Methods: We used an intent-to-treat approach on a sample of 230 men who use drugs in community supervision settings in New York City and their main female sexual partners, (N=460 individuals). Measures of IPV consisted of verbal, minor and severe physical abuse. Risk reduction consisted of having 1) condomless sex (number of unprotected sexual acts), 2) multiple partners, 3) scales of condom efficacy (alpha=) and 4) HIV risk reduction communication. Hypothesis testing for intervention effects was based on incident rate ratios (IRR) from multilevel mixed-effects Poisson regression for the number of condomless sex acts, number of sex partners and number of times discussing how to prevent HIV; and the differences indicated by regression coefficients (b) from mixed-effects linear regression were used for the scales of condom use intentions and condom use self-efficacy.
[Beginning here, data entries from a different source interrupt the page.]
(* The category $\mathcal J$ is isomorphic to Quillen's localization construction $\Sigma^{-1}\Sigma$ on the category $\Sigma$ of finite sets and bijections.
   Context: $\mathcal J$ is the category whose objects are pairs $(\mathbf n_1,\mathbf n_2)$ of finite sets $\mathbf n_i=\{1,\dots,n_i\}$, $n_i\ge0$. A morphism $(\mathbf m_1,\mathbf m_2)\to(\mathbf n_1,\mathbf n_2)$ is a triple $(\beta_1,\beta_2,\sigma)$ with $\beta_i\colon\mathbf m_i\to\mathbf n_i$ injective maps and $\sigma\colon\mathbf n_1\setminus\beta_1(\mathbf m_1)\to\mathbf n_2\setminus\beta_2(\mathbf m_2)$ a bijection. The composite of $(\alpha_1,\alpha_2,\rho)\colon(\mathbf l_1,\mathbf l_2)\to(\mathbf m_1,\mathbf m_2)$ and $(\beta_1,\beta_2,\sigma)$ is $(\beta_1\alpha_1,\beta_2\alpha_2,\tau)$ where $\tau(s)=\sigma(s)$ for $s\in\mathbf n_1\setminus\beta_1(\mathbf m_1)$ and $\tau(\beta_1(t))=\beta_2(\rho(t))$ for $t\in\mathbf m_1\setminus\alpha_1(\mathbf l_1)$. $\Sigma$ is the category with objects $\mathbf n$, $n\ge 0$, and bijections as morphisms, symmetric monoidal under concatenation $\sqcup$. $\Sigma^{-1}\Sigma$ (using the monoidal right action of $\Sigma$ on itself) has objects pairs $(\mathbf n_1,\mathbf n_2)$ of objects of $\Sigma$; a morphism $(\mathbf m_1,\mathbf m_2)\to(\mathbf n_1,\mathbf n_2)$ is an isomorphism class of pairs $(\mathbf l,(\alpha_1,\alpha_2))$ with $\mathbf l$ an object of $\Sigma$ and $\alpha_i\colon\mathbf m_i\sqcup\mathbf l\to\mathbf n_i$ bijections, where $(\mathbf l,(\alpha_1,\alpha_2))\sim(\mathbf l,(\alpha_1',\alpha_2'))$ if there is $\sigma\in\Sigma(\mathbf l,\mathbf l)$ with $\alpha_i'\circ(1_{\mathbf m_i}\sqcup\sigma)=\alpha_i$ for $i=1,2$; composition of $[\mathbf l,(\alpha_1,\alpha_2)]$ followed by $[\mathbf l',(\beta_1,\beta_2)]$ is $[\mathbf l\sqcup\mathbf l',(\beta_i\circ(\alpha_i\sqcup 1_{\mathbf l'}))_i]$. *)

theory Defs
  imports "HOL-Library.FuncSet"
begin

text \<open>Comp C x y z f g is the composite "g after f" of
f : x \<rightarrow> y and g : y \<rightarrow> z.\<close>

record ('o, 'm) cat =
  Ob   :: "'o set"
  Hom  :: "'o \<Rightarrow> 'o \<Rightarrow> 'm set"
  Id   :: "'o \<Rightarrow> 'm"
  Comp :: "'o \<Rightarrow> 'o \<Rightarrow> 'o \<Rightarrow> 'm \<Rightarrow> 'm \<Rightarrow> 'm"

definition is_functor ::
  "('o, 'm) cat \<Rightarrow> ('p, 'n) cat \<Rightarrow> ('o \<Rightarrow> 'p) \<Rightarrow> ('o \<Rightarrow> 'o \<Rightarrow> 'm \<Rightarrow> 'n) \<Rightarrow> bool" where
  "is_functor C D Fo Fm \<longleftrightarrow>
     (\<forall>x\<in>Ob C. Fo x \<in> Ob D) \<and>
     (\<forall>x\<in>Ob C. \<forall>y\<in>Ob C. \<forall>f\<in>Hom C x y. Fm x y f \<in> Hom D (Fo x) (Fo y)) \<and>
     (\<forall>x\<in>Ob C. Fm x x (Id C x) = Id D (Fo x)) \<and>
     (\<forall>x\<in>Ob C. \<forall>y\<in>Ob C. \<forall>z\<in>Ob C. \<forall>f\<in>Hom C x y. \<forall>g\<in>Hom C y z.
        Fm x z (Comp C x y z f g) = Comp D (Fo x) (Fo y) (Fo z) (Fm x y f) (Fm y z g))"

definition cat_isomorphic :: "('o, 'm) cat \<Rightarrow> ('p, 'n) cat \<Rightarrow> bool" where
  "cat_isomorphic C D \<longleftrightarrow>
     (\<exists>Fo Fm Go Gm. is_functor C D Fo Fm \<and> is_functor D C Go Gm \<and>
        (\<forall>x\<in>Ob C. Go (Fo x) = x) \<and> (\<forall>y\<in>Ob D. Fo (Go y) = y) \<and>
        (\<forall>x\<in>Ob C. \<forall>y\<in>Ob C. \<forall>f\<in>Hom C x y. Gm (Fo x) (Fo y) (Fm x y f) = f) \<and>
        (\<forall>x\<in>Ob D. \<forall>y\<in>Ob D. \<forall>f\<in>Hom D x y. Fm (Go x) (Go y) (Gm x y f) = f))"

text \<open>The finite set n is {1..n}.  Maps between finite sets are represented by
extensional functions (value undefined outside the domain).\<close>

type_synonym J_mor = "(nat \<Rightarrow> nat) \<times> (nat \<Rightarrow> nat) \<times> (nat \<Rightarrow> nat)"

definition J_hom :: "nat \<times> nat \<Rightarrow> nat \<times> nat \<Rightarrow> J_mor set" where
  "J_hom mm nn = (case mm of (m1, m2) \<Rightarrow> case nn of (n1, n2) \<Rightarrow>
     {(b1, b2, s).
        b1 \<in> extensional {1..m1} \<and> b2 \<in> extensional {1..m2} \<and>
        inj_on b1 {1..m1} \<and> inj_on b2 {1..m2} \<and>
        b1 ` {1..m1} \<subseteq> {1..n1} \<and> b2 ` {1..m2} \<subseteq> {1..n2} \<and>
        s \<in> extensional ({1..n1} - b1 ` {1..m1}) \<and>
        bij_betw s ({1..n1} - b1 ` {1..m1}) ({1..n2} - b2 ` {1..m2})})"

definition J_id :: "nat \<times> nat \<Rightarrow> J_mor" where
  "J_id nn = (case nn of (n1, n2) \<Rightarrow>
     (restrict id {1..n1}, restrict id {1..n2}, restrict id {}))"

definition J_comp :: "nat \<times> nat \<Rightarrow> nat \<times> nat \<Rightarrow> nat \<times> nat \<Rightarrow> J_mor \<Rightarrow> J_mor \<Rightarrow> J_mor" where
  "J_comp ll mm nn f g = (case ll of (l1, l2) \<Rightarrow> case mm of (m1, m2) \<Rightarrow> case nn of (n1, n2) \<Rightarrow>
     case f of (a1, a2, r) \<Rightarrow> case g of (b1, b2, s) \<Rightarrow>
       (restrict (b1 \<circ> a1) {1..l1}, restrict (b2 \<circ> a2) {1..l2},
        (\<lambda>x. if x \<in> {1..n1} - b1 ` {1..m1} then s x
             else if x \<in> b1 ` ({1..m1} - a1 ` {1..l1})
               then b2 (r (the_inv_into {1..m1} b1 x))
             else undefined)))"

definition J_cat :: "(nat \<times> nat, J_mor) cat" where
  "J_cat = \<lparr>Ob = UNIV, Hom = J_hom, Id = J_id, Comp = J_comp\<rparr>"

definition bijs :: "nat set \<Rightarrow> nat set \<Rightarrow> (nat \<Rightarrow> nat) set" where
  "bijs A B = {f \<in> extensional A. bij_betw f A B}"

text \<open>Concatenation f \<squnion> g of maps f : m \<rightarrow> m' and g : l \<rightarrow> l' as a map
m \<squnion> l \<rightarrow> m' \<squnion> l' (with m \<squnion> l = {1..m+l}); not restricted here.\<close>

definition tsum :: "nat \<Rightarrow> nat \<Rightarrow> (nat \<Rightarrow> nat) \<Rightarrow> (nat \<Rightarrow> nat) \<Rightarrow> nat \<Rightarrow> nat" where
  "tsum m m' f g x = (if x \<le> m then f x else m' + g (x - m))"

text \<open>The equivalence class of (l,(a1,a2)), with a_i : m_i \<squnion> l \<rightarrow> n_i bijections:
all (a1',a2') with a_i' \<circ> (1 \<squnion> \<sigma>) = a_i for some \<sigma> \<in> \<Sigma>(l,l).\<close>

definition SS_cls :: "nat \<Rightarrow> nat \<Rightarrow> nat \<Rightarrow> nat \<Rightarrow> nat \<Rightarrow> (nat \<Rightarrow> nat) \<times> (nat \<Rightarrow> nat)
    \<Rightarrow> ((nat \<Rightarrow> nat) \<times> (nat \<Rightarrow> nat)) set" where
  "SS_cls m1 m2 n1 n2 l a =
     {(c1, c2). c1 \<in> bijs {1..m1 + l} {1..n1} \<and> c2 \<in> bijs {1..m2 + l} {1..n2} \<and>
        (\<exists>\<sigma>\<in>bijs {1..l} {1..l}.
           (\<forall>x\<in>{1..m1 + l}. c1 (tsum m1 m1 id \<sigma> x) = fst a x) \<and>
           (\<forall>x\<in>{1..m2 + l}. c2 (tsum m2 m2 id \<sigma> x) = snd a x))}"

type_synonym SS_mor = "nat \<times> ((nat \<Rightarrow> nat) \<times> (nat \<Rightarrow> nat)) set"

definition SS_hom :: "nat \<times> nat \<Rightarrow> nat \<times> nat \<Rightarrow> SS_mor set" where
  "SS_hom mm nn = (case mm of (m1, m2) \<Rightarrow> case nn of (n1, n2) \<Rightarrow>
     {(l, SS_cls m1 m2 n1 n2 l (a1, a2)) | l a1 a2.
        a1 \<in> bijs {1..m1 + l} {1..n1} \<and> a2 \<in> bijs {1..m2 + l} {1..n2}})"

definition SS_id :: "nat \<times> nat \<Rightarrow> SS_mor" where
  "SS_id nn = (case nn of (n1, n2) \<Rightarrow>
     (0, SS_cls n1 n2 n1 n2 0 (restrict id {1..n1}, restrict id {1..n2})))"

text \<open>Composition on representatives: [l,(a1,a2)] followed by [l',(b1,b2)] is
[l \<squnion> l', (b_i \<circ> (a_i \<squnion> 1_(l')))].\<close>

definition SS_comp :: "nat \<times> nat \<Rightarrow> nat \<times> nat \<Rightarrow> nat \<times> nat \<Rightarrow> SS_mor \<Rightarrow> SS_mor \<Rightarrow> SS_mor" where
  "SS_comp kk mm nn f g = (case kk of (k1, k2) \<Rightarrow> case mm of (m1, m2) \<Rightarrow> case nn of (n1, n2) \<Rightarrow>
     case f of (l, A) \<Rightarrow> case g of (l', B) \<Rightarrow>
       (let a = (SOME a. a \<in> A); b = (SOME b. b \<in> B) in
        (l + l', SS_cls k1 k2 n1 n2 (l + l')
           (restrict (fst b \<circ> tsum (k1 + l) m1 (fst a) id) {1..k1 + l + l'},
            restrict (snd b \<circ> tsum (k2 + l) m2 (snd a) id) {1..k2 + l + l'}))))"

definition SS_cat :: "(nat \<times> nat, SS_mor) cat" where
  "SS_cat = \<lparr>Ob = UNIV, Hom = SS_hom, Id = SS_id, Comp = SS_comp\<rparr>"

end

theory Submission
  imports Defs
begin

text \<open>
A representative (l, (a1, a2)) of a morphism (m1, m2) \<rightarrow> (n1, n2) of \<Sigma>\<inverse>\<Sigma> determines the
J-morphism (a1|m1, a2|m2, \<sigma>) with \<sigma> (a1 (m1 + j)) = a2 (m2 + j): the two copies of l are glued
together.  Representatives differing by a permutation of l give the same triple, and conversely
two representatives with the same triple differ by the permutation that matches their tails.
Every J-morphism arises by enumerating the complement of the image of \<beta>1.  Concatenating the
tails of two composable representatives is exactly the composition rule of J, so this is an
identity-on-objects functor \<Sigma>\<inverse>\<Sigma> \<rightarrow> J that is bijective on hom-sets, hence an isomorphism.
\<close>

section \<open>Isomorphisms induced by functors bijective on hom-sets\<close>

lemma cat_isomorphicI_bij_on_homs:
  fixes C :: "('o, 'm) cat" and D :: "('o, 'n) cat"
  assumes G: "is_functor D C (\<lambda>x. x) Gm" and ob: "Ob C = Ob D"
    and bij: "\<And>x y. x \<in> Ob D \<Longrightarrow> y \<in> Ob D \<Longrightarrow> bij_betw (Gm x y) (Hom D x y) (Hom C x y)"
    and comp_closed: "\<And>x y z f g. x \<in> Ob D \<Longrightarrow> y \<in> Ob D \<Longrightarrow> z \<in> Ob D \<Longrightarrow>
       f \<in> Hom D x y \<Longrightarrow> g \<in> Hom D y z \<Longrightarrow> Comp D x y z f g \<in> Hom D x z"
    and id_closed: "\<And>x. x \<in> Ob D \<Longrightarrow> Id D x \<in> Hom D x x"
  shows "cat_isomorphic C D"
proof -
  define Fm where "Fm x y = inv_into (Hom D x y) (Gm x y)" for x y
  have FG: "Fm x y (Gm x y f) = f" if "x \<in> Ob D" "y \<in> Ob D" "f \<in> Hom D x y" for x y f
    using bij[OF that(1,2)] that(3) by (simp add: Fm_def bij_betw_inv_into_left)
  have GF: "Gm x y (Fm x y f) = f" if "x \<in> Ob D" "y \<in> Ob D" "f \<in> Hom C x y" for x y f
    using bij[OF that(1,2)] that(3) by (simp add: Fm_def bij_betw_inv_into_right)
  have F_hom: "Fm x y f \<in> Hom D x y" if "x \<in> Ob D" "y \<in> Ob D" "f \<in> Hom C x y" for x y f
    using bij_betw_inv_into[OF bij[OF that(1,2)]] that(3) by (simp add: Fm_def bij_betw_apply)
  have G_id: "\<And>x. x \<in> Ob D \<Longrightarrow> Gm x x (Id D x) = Id C x"
    and G_comp: "\<And>x y z f g. x \<in> Ob D \<Longrightarrow> y \<in> Ob D \<Longrightarrow> z \<in> Ob D \<Longrightarrow>
       f \<in> Hom D x y \<Longrightarrow> g \<in> Hom D y z \<Longrightarrow>
       Gm x z (Comp D x y z f g) = Comp C x y z (Gm x y f) (Gm y z g)"
    using G unfolding is_functor_def by auto
  have F: "is_functor C D (\<lambda>x. x) Fm"
    unfolding is_functor_def
  proof (intro conjI ballI)
    fix x assume "x \<in> Ob C"
    then show "x \<in> Ob D" and "Fm x x (Id C x) = Id D x"
      using ob G_id FG id_closed by (simp_all flip: G_id)
  next
    fix x y f assume "x \<in> Ob C" "y \<in> Ob C" "f \<in> Hom C x y"
    then show "Fm x y f \<in> Hom D x y" using F_hom ob by simp
  next
    fix x y z f g
    assume xyz: "x \<in> Ob C" "y \<in> Ob C" "z \<in> Ob C" and fg: "f \<in> Hom C x y" "g \<in> Hom C y z"
    then have "Comp C x y z f g = Gm x z (Comp D x y z (Fm x y f) (Fm y z g))"
      using ob GF G_comp F_hom by simp
    then show "Fm x z (Comp C x y z f g) = Comp D x y z (Fm x y f) (Fm y z g)"
      using xyz fg ob FG comp_closed F_hom by simp
  qed
  show ?thesis
    unfolding cat_isomorphic_def using F G ob FG GF F_hom by (intro exI[of _ "\<lambda>x. x"] exI) auto
qed

lemma bijs_bij_betw: "f \<in> bijs A B \<Longrightarrow> bij_betw f A B"
  by (simp add: bijs_def)

lemma bijs_same_card: "f \<in> bijs {1..p} {1..q} \<Longrightarrow> p = q"
  using bij_betw_same_card by (fastforce simp: bijs_def)

lemma restrict_id_bijs: "restrict id {1..n} \<in> bijs {1..n} {1..n}"
  by (simp add: bijs_def bij_betw_def)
Results: Couples reporting any physical, injurious and/or sexual IPV - 20.1% reported IPV from the male partners only, 18.3% reported from the female partners only, and 28.4% reported IPV from both male and female partners. Among the participants and/or their partners who reported history of IPV, PACT participants had 36% fewer acts of condomless vaginal and/or anal intercourse with all partners (IRR = 0.64, 95% CI = 0.41 – 0.98, p = 0.041) and 25% fewer sex partner (IRR = 0.75, 95% CI = 0.61 – 0.93, p = 0.008), higher scores for condom use intentions (b = 0.85, 95% CI = 0.18 – 1.53, p = 0.013) and condom use self-efficacy (b = 2.22, 95% CI = 0.88 – 3.56, p = 0.001), and 2.41 times more frequently discussing with study partner how to prevent HIV infection (IRR = 2.41, 95% CI = 1.18 – 4.93, p = 0.016) compared to control participants over the entire 12-month period.
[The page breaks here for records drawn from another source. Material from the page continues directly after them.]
lemma hd_in_ewis: "xs \<noteq> [] \<Longrightarrow> hd xs \<in> set (ewis xs)"
  by (cases xs) auto

lemma ewis_from_eq_Nil_iff: "ewis_from cur xs = [] \<longleftrightarrow> (\<forall>y\<in>set xs. snd y < cur)"
  by (induction xs arbitrary: cur) auto

lemma last_ewis_from_ge:
  "ewis_from cur xs \<noteq> [] \<Longrightarrow>
   cur \<le> snd (last (ewis_from cur xs)) \<and> (\<forall>y\<in>set xs. snd y \<le> snd (last (ewis_from cur xs)))"
proof (induction xs arbitrary: cur)
  case Nil
  then show ?case by simp
next
  case (Cons a xs)
  show ?case
  proof (cases "cur \<le> snd a")
    case True
    then show ?thesis
    proof (cases "ewis_from (snd a) xs = []")
      case True
      then show ?thesis using \<open>cur \<le> snd a\<close> by (auto simp: ewis_from_eq_Nil_iff less_imp_le)
    next
      case False
      then show ?thesis using Cons.IH[of "snd a"] \<open>cur \<le> snd a\<close> by auto
    qed
  next
    case False
    then have "ewis_from cur xs \<noteq> []" using Cons.prems by simp
    then show ?thesis using Cons.IH[of cur] False by (auto intro: order.trans[of "snd a" cur])
  qed
qed

lemma last_ewis_in_set: "xs \<noteq> [] \<Longrightarrow> last (ewis xs) \<in> set xs"
  using set_ewis_subset hd_in_ewis by (metis empty_iff last_in_set list.set(1) subsetD)

lemma le_last_ewis: "y \<in> set xs \<Longrightarrow> snd y \<le> snd (last (ewis xs))"
  using last_ewis_from_ge[of 0 xs] ewis_eq_ewis_from[of xs] by (cases xs) auto

lemma mem_ewis_from_iff:
  "distinct (ys @ x # zs) \<Longrightarrow>
   x \<in> set (ewis_from cur (ys @ x # zs)) \<longleftrightarrow> cur \<le> snd x \<and> (\<forall>y\<in>set ys. snd y \<le> snd x)"
proof (induction ys arbitrary: cur)
  case Nil
  then show ?case using set_ewis_from_subset[of "snd x" zs] set_ewis_from_subset[of cur zs] by auto
next
  case (Cons a ys)
  then show ?case by (auto simp: le_trans)
qed

lemma less_last_ewis_if_not_mem:
  assumes "distinct xs" "x \<in> set xs" "x \<notin> set (ewis xs)"
  shows "snd x < snd (last (ewis xs))"
proof -
  obtain ys zs where xs: "xs = ys @ x # zs" using assms(2) by (meson split_list)
  then obtain y where "y \<in> set ys" "snd x < snd y"
    using mem_ewis_from_iff[of ys x zs 0] assms ewis_eq_ewis_from[of xs] by force
  moreover have "snd y \<le> snd (last (ewis xs))" using le_last_ewis[of y xs] xs \<open>y \<in> set ys\<close> by simp
  ultimately show ?thesis by simp
qed

lemma ewis_consecutive_mem:
  assumes "distinct (ys @ x # y # zs)" "x \<in> set (ewis (ys @ x # y # zs))" "snd x \<le> snd y"
  shows "y \<in> set (ewis (ys @ x # y # zs))"
proof -
  have "\<forall>u\<in>set ys. snd u \<le> snd x"
    using assms(1,2) mem_ewis_from_iff[of ys x "y # zs" 0] by (simp add: ewis_eq_ewis_from)
  then show ?thesis
    using assms mem_ewis_from_iff[of "ys @ [x]" y zs 0] by (auto simp: ewis_eq_ewis_from)
qed

section \<open>The scanning process\<close>

lemma zeta_antimono: "c \<le> d \<Longrightarrow> zeta n lam d \<le> zeta n lam c"
  unfolding zeta_def by (rule card_mono) auto

lemma zeta_le: "zeta n lam c \<le> n"
proof -
  have "card {i \<in> {1..n}. c \<le> lam i} \<le> card {1..n}" by (rule card_mono) auto
  then show ?thesis unfolding zeta_def by simp
qed

lemma tableau_column_less:
  assumes T: "tableau n lam T" and "in_shape n lam c j" "in_shape n lam c j'" "j < j'"
  shows "T c j < T c j'"
  using assms(3,4)
proof (induction j')
  case 0
  then show ?case by simp
next
  case (Suc j')
  have shape: "in_shape n lam c j'" using Suc.prems assms(2) unfolding in_shape_def by auto
  then have "T c j' < T c (Suc j')" using T Suc.prems(1) unfolding tableau_def by simp
  then show ?case using Suc shape by (cases "j = j'") auto
qed

lemma set_scan_seq:
  "set (scan_seq n lam T l m) = (\<lambda>c. (c, T c (m c))) ` {c. l \<le> c \<and> c \<le> lam 1 \<and> 0 < m c}"
  unfolding scan_seq_def by auto

lemma distinct_scan_seq: "distinct (scan_seq n lam T l m)"
  unfolding scan_seq_def by (simp add: distinct_map inj_on_def)

lemma scan_seq_Cons:
  assumes "l \<le> lam 1" "0 < m l"
  shows "scan_seq n lam T l m = (l, T l (m l)) # scan_seq n lam T (Suc l) m"
  using assms upt_conv_Cons[of l "lam 1 + 1"] unfolding scan_seq_def by simp

lemma scan_seq_adjacent:
  assumes "l \<le> c" "Suc c \<le> lam 1" "0 < m c" "0 < m (Suc c)"
  obtains ys zs where
    "scan_seq n lam T l m = ys @ (c, T c (m c)) # (Suc c, T (Suc c) (m (Suc c))) # zs"
proof -
  have "[l..<lam 1 + 1] = [l..<c] @ c # Suc c # [Suc (Suc c)..<lam 1 + 1]"
    using assms upt_add_eq_append[of l c "lam 1 + 1 - c"] by (simp add: upt_conv_Cons)
  then show ?thesis using that assms unfolding scan_seq_def by simp
qed

lemma scan_step_apply:
  "scan_step n lam T l m c =
     (if (c, T c (m c)) \<in> set (ewis (scan_seq n lam T l m)) then m c - 1 else m c)"
proof -
  have "c \<in> fst ` set (ewis (scan_seq n lam T l m)) \<longleftrightarrow>
        (c, T c (m c)) \<in> set (ewis (scan_seq n lam T l m))"
    using set_ewis_subset[of "scan_seq n lam T l m"] by (force simp: set_scan_seq)
  then show ?thesis unfolding scan_step_def by simp
qed

lemma scan_state_Suc:
  "scan_state n lam T l (Suc t) = scan_step n lam T l (scan_state n lam T l t)"
  unfolding scan_state_def by simp

text \<open>Here m c is the number of unmarked boxes of column c after t scanning steps.\<close>

definition scan_invariant :: "nat \<Rightarrow> (nat \<Rightarrow> nat) \<Rightarrow> nat \<Rightarrow> nat \<Rightarrow> (nat \<Rightarrow> nat) \<Rightarrow> bool" where
  "scan_invariant n lam l t m \<longleftrightarrow> m l = zeta n lam l - t \<and>
     (\<forall>c. l \<le> c \<and> c \<le> lam 1 \<longrightarrow> m c \<le> zeta n lam c) \<and>
     (\<forall>c. l \<le> c \<and> c < lam 1 \<longrightarrow> m (Suc c) \<le> m c)"

lemma scan_invariant_le_first:
  assumes "scan_invariant n lam l t m" "l \<le> c" "c \<le> lam 1"
  shows "m c \<le> m l"
  using assms(2,3)
proof (induction c rule: dec_induct)
  case base
  then show ?case by simp
next
  case (step d)
  then show ?case
    using assms(1) unfolding scan_invariant_def by (meson Suc_le_lessD le_trans less_imp_le_nat)
qed

lemma scan_step_marks_next_column:
  assumes T: "tableau n lam T" and c: "1 \<le> l" "l \<le> c" "Suc c \<le> lam 1"
    and m: "0 < m c" "m (Suc c) = m c" "m (Suc c) \<le> zeta n lam (Suc c)"
    and marked: "(c, T c (m c)) \<in> set (ewis (scan_seq n lam T l m))"
  shows "(Suc c, T (Suc c) (m (Suc c))) \<in> set (ewis (scan_seq n lam T l m))"
proof -
  have "0 < m (Suc c)" using m by simp
  then obtain ys zs where split:
    "scan_seq n lam T l m = ys @ (c, T c (m c)) # (Suc c, T (Suc c) (m (Suc c))) # zs"
    using scan_seq_adjacent[of l c lam m n T] c m(1) by blast
  have "in_shape n lam (Suc c) (m c)" using c m unfolding in_shape_def by auto
  moreover have "in_shape n lam c (m c)"
    using calculation c zeta_antimono[of c "Suc c" n lam] unfolding in_shape_def by auto
  ultimately have "T c (m c) \<le> T (Suc c) (m (Suc c))"
    using T m(2) unfolding tableau_def by simp
  then show ?thesis
    using ewis_consecutive_mem[of ys] distinct_scan_seq[of n lam T l m] marked
    unfolding split by simp
qed

lemma scan_invariant_step:
  assumes T: "tableau n lam T" and l: "1 \<le> l" "l \<le> lam 1"
    and inv: "scan_invariant n lam l t m" and t: "t < zeta n lam l"
  shows "scan_invariant n lam l (Suc t) (scan_step n lam T l m)"
proof -
  let ?E = "set (ewis (scan_seq n lam T l m))"
  have "0 < m l" using inv t unfolding scan_invariant_def by simp
  then have "(l, T l (m l)) \<in> ?E"
    using hd_in_ewis scan_seq_Cons[of l lam m] l by (metis list.distinct(1) list.sel(1))
  then have first: "scan_step n lam T l m l = zeta n lam l - Suc t"
    using inv unfolding scan_invariant_def scan_step_apply by simp
  have bounded: "scan_step n lam T l m c \<le> zeta n lam c" if "l \<le> c" "c \<le> lam 1" for c
    using inv that unfolding scan_invariant_def scan_step_apply by auto
  have antitone: "scan_step n lam T l m (Suc c) \<le> scan_step n lam T l m c"
    if c: "l \<le> c" "c < lam 1" for c
  proof -
    have le: "m (Suc c) \<le> m c" "m (Suc c) \<le> zeta n lam (Suc c)"
      using inv c unfolding scan_invariant_def by auto
    show ?thesis
    proof (cases "m (Suc c) < m c")
      case True
      then show ?thesis unfolding scan_step_apply by auto
    next
      case False
      then have "m (Suc c) = m c" using le by simp
      then show ?thesis
        using scan_step_marks_next_column[OF T l(1) c(1), of m] c le
        unfolding scan_step_apply by (cases "m c = 0") (auto simp: Suc_le_eq)
    qed
  qed
  show ?thesis unfolding scan_invariant_def using first bounded antitone by blast
qed

lemma scan_invariant_scan_state:
  assumes T: "tableau n lam T" and l: "1 \<le> l" "l \<le> lam 1"
  shows "t \<le> zeta n lam l \<Longrightarrow> scan_invariant n lam l t (scan_state n lam T l t)"
proof (induction t)
  case 0
  show ?case unfolding scan_invariant_def scan_state_def using zeta_antimono l by auto
next
  case (Suc t)
  then show ?case using scan_invariant_step[OF T l] by (simp add: scan_state_Suc)
qed

definition scan_output :: "nat \<Rightarrow> (nat \<Rightarrow> nat) \<Rightarrow> (nat \<Rightarrow> nat \<Rightarrow> nat) \<Rightarrow> nat \<Rightarrow> nat \<Rightarrow> nat" where
  "scan_output n lam T l t = snd (last (ewis (scan_seq n lam T l (scan_state n lam T l t))))"

lemma scanning_eq_scan_output:
  "in_shape n lam l k \<Longrightarrow> scanning n lam T l k = scan_output n lam T l (zeta n lam l - k)"
  unfolding scanning_def scan_output_def by simp

context
  fixes n lam T l t
  assumes T: "tableau n lam T" and l: "1 \<le> l" "l \<le> lam 1" and t: "t < zeta n lam l"
begin

lemma scan_seq_scan_state_Cons:
  "scan_seq n lam T l (scan_state n lam T l t) =
     (l, T l (zeta n lam l - t)) # scan_seq n lam T (Suc l) (scan_state n lam T l t)"
proof -
  have "scan_state n lam T l t l = zeta n lam l - t"
    using scan_invariant_scan_state[OF T l] t unfolding scan_invariant_def by simp
  then show ?thesis using scan_seq_Cons[of l lam "scan_state n lam T l t" n T] l t by simp
qed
Conclusions: Findings highlight the effectiveness of this couples-based approach to HIV risk reduction among couples experiencing bidirectional IPV and the intersection of experiencing IPV and HIV risk. There is an urgent need to address the effectiveness of combined IPV and HIV in prevention interventions, which can lead to sensitive and innovative approaches to addressing violence perpetrated by both partners. Further research is needed to identify factors that contribute to IPV and HIV risk among people in community corrections.